Louisiana became the third to pass legislation in July 1978. Alabama, Georgia and South Carolina quickly followed, signing laws in a seven-month span between 1979 and 1980.

That's from a story by Quint Forgey of News21. If you're wondering why you never heard about medical marijuana taking root more than three decades ago in a group of conservative Southern states, it's because it didn't take root, despite those statutes. Forgey explains:

Like most other state programs at the time, [Louisiana state Rep. Tony] Guarisco's bill provided for the establishment of a state medical board to certify participating patients, physicians and pharmacies. Only chemotherapy and glaucoma patients were eligible for treatment.

He thought his work was finished.

"I mean, I'm in there two years. I thought when you passed something, the people that needed to take action after that, to make it operative, would do what they needed to do," Guarisco said. "Unfortunately, they never did."

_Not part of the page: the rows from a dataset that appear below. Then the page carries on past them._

theorem mainTheorem6:
  fixes A :: "'v arena" and n :: nat and \<gamma> :: "nat \<Rightarrow> real"
  assumes "valid_arena A"
  shows "\<exists>\<sigma> vs zs. gamma_minimal_NE A n \<gamma> \<sigma> \<and> shortest_G_path A n \<gamma> vs zs \<and>
                   ereal (sum_list zs) = wsc A n \<gamma> \<sigma>"
proof -
  interpret congestion_arena A
    using assms by (rule congestion_arena.intro)
  obtain \<sigma> where \<sigma>: "gamma_minimal_NE A n \<gamma> \<sigma>"
    using gamma_minimal_NE_exists by blast
  then obtain vs zs where path: "G_path A n \<gamma> vs zs" and eq: "ereal (sum_list zs) = wsc A n \<gamma> \<sigma>"
    using G_path_of_nash_eq unfolding gamma_minimal_NE_def by blast
  have "sum_list zs \<le> sum_list zs'" if path': "G_path A n \<gamma> vs' zs'" for vs' zs'
  proof -
    obtain \<sigma>' where "nash_eq A n \<sigma>'" and "wsc A n \<gamma> \<sigma>' = ereal (sum_list zs')"
      using nash_eq_of_G_path[OF path'] by blast
    with \<sigma> eq show ?thesis
      unfolding gamma_minimal_NE_def by (metis ereal_less_eq(3))
  qed
  with \<sigma> path eq show ?thesis
    unfolding shortest_G_path_def by blast
qed

end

In the nearly four decades since its signing, Louisiana's medical marijuana research program has treated not a single patient.

Similar programs around the country also slowly evaporated. Either they were never approved by the necessary federal agencies or their funds were never appropriated by legislatures. Some state medical boards were simply not established.

Today, not many know the programs ever existed.

Activists are now trying to revive and revise those old laws to clear the way for medical marijuana today, with mixed results. "Taking that 1980 law as a jumping-off point and amending it really got us halfway there," one South Carolina lawmaker told Forgey. "It was a good icebreaker." The result in South Carolina last year was a bill that allowed epilepsy patients to use CBD oil, a cannabis extract—but did not make any arrangements for anyone to legally cultivate the plant or distribute the medicine. We'll see if it takes another 34 years to fix that hole.